Additionally, several in vitro studies haven shown JOINS has a cartilage protection effect. The first study was performed by Choi et al.21) using rabbits. In the study, JOINS inhibited proteoglycan degradation in cartilage explant culture, and prophylactic administration of JOINS significantly protected the knee joint of rabbits from OA-like changes in a collagenase-induced OA model. Kim et al.23) also performed a study using rabbit cartilage explant culture and reported that JOINS inhibited matrix degradation by down-regulating matrix metalloproteinase (MMP) expression and inhibiting MMP activity during the collagen breakdown process. Hartog et al.22) performed a study using bovine cartilage explants and human peripheral blood mononuclear cells and reported that SKI306X inhibited IL-1β-induced proteoglycan release and nitric oxide production by cartilage, indicating cartilage protective activity. Recently, Choi et al.20) performed a study using human OA chondrocytes and cartilage explants and reported that JOINS inhibited IL-1β-induced glycosaminoglycan (GAG) release from cartilage explants and inhibited IL-1β-induced MMP gene expression. However, all published studies were in vitro, demonstrating the cartilage protection effect of JOINS using chondrocytes from human, bovine, and rabbit articular cartilage. A clinical study using quantitative MRI has not been previously reported.

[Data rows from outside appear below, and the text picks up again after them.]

lemma variance_Pi_pmf_component:
  fixes h :: "'b \<Rightarrow> real"
  assumes "finite A" "i \<in> A"
  shows "measure_pmf.variance (Pi_pmf A dflt P) (\<lambda>f. h (f i)) = measure_pmf.variance (P i) h"
proof -
  have "measure_pmf.variance (Pi_pmf A dflt P) (\<lambda>f. h (f i))
      = measure_pmf.expectation (Pi_pmf A dflt P) (\<lambda>f. (h (f i) - measure_pmf.expectation (P i) h)\<^sup>2)"
    by (simp add: expectation_Pi_pmf_component assms)
  also have "\<dots> = measure_pmf.variance (P i) h"
    by (rule expectation_Pi_pmf_component[OF assms])
  finally show ?thesis .
qed

lemma expectation_sum_Pi_pmf:
  fixes P :: "'i \<Rightarrow> 'b pmf" and g :: "'i \<Rightarrow> 'b \<Rightarrow> real"
  assumes "finite A" "\<And>i. i \<in> A \<Longrightarrow> integrable (P i) (g i)"
  shows "measure_pmf.expectation (Pi_pmf A dflt P) (\<lambda>f. \<Sum>i\<in>A. g i (f i))
    = (\<Sum>i\<in>A. measure_pmf.expectation (P i) (g i))"
  using assms
  by (simp add: Bochner_Integration.integral_sum integrable_Pi_pmf_component_iff
      expectation_Pi_pmf_component)

lemma variance_sum_Pi_pmf:
  fixes P :: "'i \<Rightarrow> 'b pmf" and g :: "'i \<Rightarrow> 'b \<Rightarrow> real"
  assumes "finite A"
    and "\<And>i. i \<in> A \<Longrightarrow> integrable (P i) (g i)"
    and "\<And>i. i \<in> A \<Longrightarrow> integrable (P i) (\<lambda>x. (g i x)\<^sup>2)"
  shows "measure_pmf.variance (Pi_pmf A dflt P) (\<lambda>f. \<Sum>i\<in>A. g i (f i))
    = (\<Sum>i\<in>A. measure_pmf.variance (P i) (g i))"
proof -
  have indep: "prob_space.indep_vars (measure_pmf (Pi_pmf A dflt P)) (\<lambda>_. borel) (\<lambda>i f. g i (f i)) A"
    using indep_vars_Pi_pmf[OF \<open>finite A\<close>]
    by (rule prob_space.indep_vars_compose2[OF measure_pmf.prob_space_axioms]) simp
  have "measure_pmf.variance (Pi_pmf A dflt P) (\<lambda>f. \<Sum>i\<in>A. g i (f i))
      = (\<Sum>i\<in>A. measure_pmf.variance (Pi_pmf A dflt P) (\<lambda>f. g i (f i)))"
    using assms(1) indep
  proof (rule measure_pmf.variance_sum_indep_vars(2))
    fix i assume "i \<in> A"
    then show "integrable (Pi_pmf A dflt P) (\<lambda>f. g i (f i))"
      and "integrable (Pi_pmf A dflt P) (\<lambda>f. (g i (f i))\<^sup>2)"
      using assms integrable_Pi_pmf_component_iff[of A i dflt P "\<lambda>x. (g i x)\<^sup>2"]
      by (simp_all add: integrable_Pi_pmf_component_iff)
  qed
  also have "\<dots> = (\<Sum>i\<in>A. measure_pmf.variance (P i) (g i))"
    using assms(1) by (intro sum.cong refl variance_Pi_pmf_component)
  finally show ?thesis .
qed

lemma (in prob_space) variance_const_add:
  fixes X :: "'a \<Rightarrow> real"
  assumes "integrable M X"
  shows "variance (\<lambda>\<omega>. c + X \<omega>) = variance X"
  using assms by (simp add: prob_space)

lemma expectation_bernoulli_flip:
  assumes "0 \<le> p" "p \<le> 1"
  shows "measure_pmf.expectation (bernoulli_pmf p) (\<lambda>x. w * of_bool (b \<noteq> x))
    = w * (if b then 1 - p else p)"
  using assms by simp

lemma variance_bernoulli_flip:
  assumes "0 \<le> p" "p \<le> 1"
  shows "measure_pmf.variance (bernoulli_pmf p) (\<lambda>x. w * of_bool (b \<noteq> x)) = w\<^sup>2 * p * (1 - p)"
  using assms by (cases b) (simp_all add: power2_eq_square algebra_simps)

lemma sum_atLeast1_atMost_reverse:
  fixes g :: "nat \<Rightarrow> 'a::comm_monoid_add"
  shows "(\<Sum>i=1..n. g i) = (\<Sum>k<n. g (n - k))"
  using sum.atLeast1_atMost_eq[of g n] sum.nat_diff_reindex[of "\<lambda>k. g (Suc k)" n]
  by (simp add: Suc_diff_Suc)

lemma geometric_sum_quarter: "(\<Sum>i=1..n. (1/4::real) ^ i) = (1 - (1/4) ^ n) / 3"
proof (cases "n = 0")
  case False
  then show ?thesis
    using sum_gp_multiplied[of 1 n "1/4::real"] by simp
qed simp

definition scale32 :: "(nat \<Rightarrow> bool) \<Rightarrow> real" where
  "scale32 a = (-1) ^ of_bool (a 31) * 2 powr (real (exp_field a) - 127)"

lemma val32_eq: "val32 a = scale32 a * (1 + (\<Sum>k<23. of_bool (a k) * (1/2) ^ (23 - k)))"
  unfolding val32_def scale32_def
  by (subst sum_atLeast1_atMost_reverse) simp

lemma scale32_flip_frac [simp]: "scale32 (flip_frac a f) = scale32 a"
  by (simp add: scale32_def exp_field_def flip_frac_def)

lemma val32_flip_frac:
  "val32 (flip_frac a f) = scale32 a + (\<Sum>k<23. scale32 a * (1/2) ^ (23 - k) * of_bool (a k \<noteq> f k))"
proof -
  have "(\<Sum>k<23. of_bool (flip_frac a f k) * (1/2) ^ (23 - k))
      = (\<Sum>k<23. of_bool (a k \<noteq> f k) * (1/2::real) ^ (23 - k))"
    by (intro sum.cong refl) (simp add: flip_frac_def)
  then show ?thesis
    by (simp only: val32_eq[of "flip_frac a f"] scale32_flip_frac)
      (simp add: distrib_left sum_distrib_left mult_ac del: sum_mult_of_bool_eq sum_of_bool_mult_eq)
qed

lemma integrable_bernoulli_pmf: "integrable (bernoulli_pmf p) (h :: bool \<Rightarrow> real)"
  by (rule integrable_measure_pmf_finite) simp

This study evaluated the effect of JOINS on cartilage protection using MRI. Although the changes in cartilage volume and thickness were not different between the treatment and placebo groups, the change of the dGEMRIC index in the lateral tibial plateau was significantly greater in the JOINS group. Considering that knee OA primarily develops in the medial compartment, it is unclear whether the improved dGEMRIC index in the lateral tibial plateau is clinically relevant to the treatment of OA. However, Wildi et al.26) reported similar findings in a study evaluating the efficacy of chondroitin sulfate for cartilage protection using MRI. In the study, the chondroitin treatment group showed significantly less cartilage volume loss in the lateral compartment than the placebo group at 1-year follow-up. Improved cartilage preservation in the lateral compartment may be explained by the fact that, in general, cartilage damage is less severe in the lateral compartment than in the medial compartment; thus, the lateral compartment showed a greater response to cartilage protection agents. Additionally, these agents in the damaged medial compartment might require more time to demonstrate a treatment effect.

In terms of safety, JOINS was equivalent to placebo regarding adverse event occurrence, and this can be considered remarkable given that the most commonly used medications for knee OA are NSAIDs, which cause some well-defined side effects such as gastrointestinal ulcer and hemorrhage and cardiovascular, hepatic, and renal toxicity811).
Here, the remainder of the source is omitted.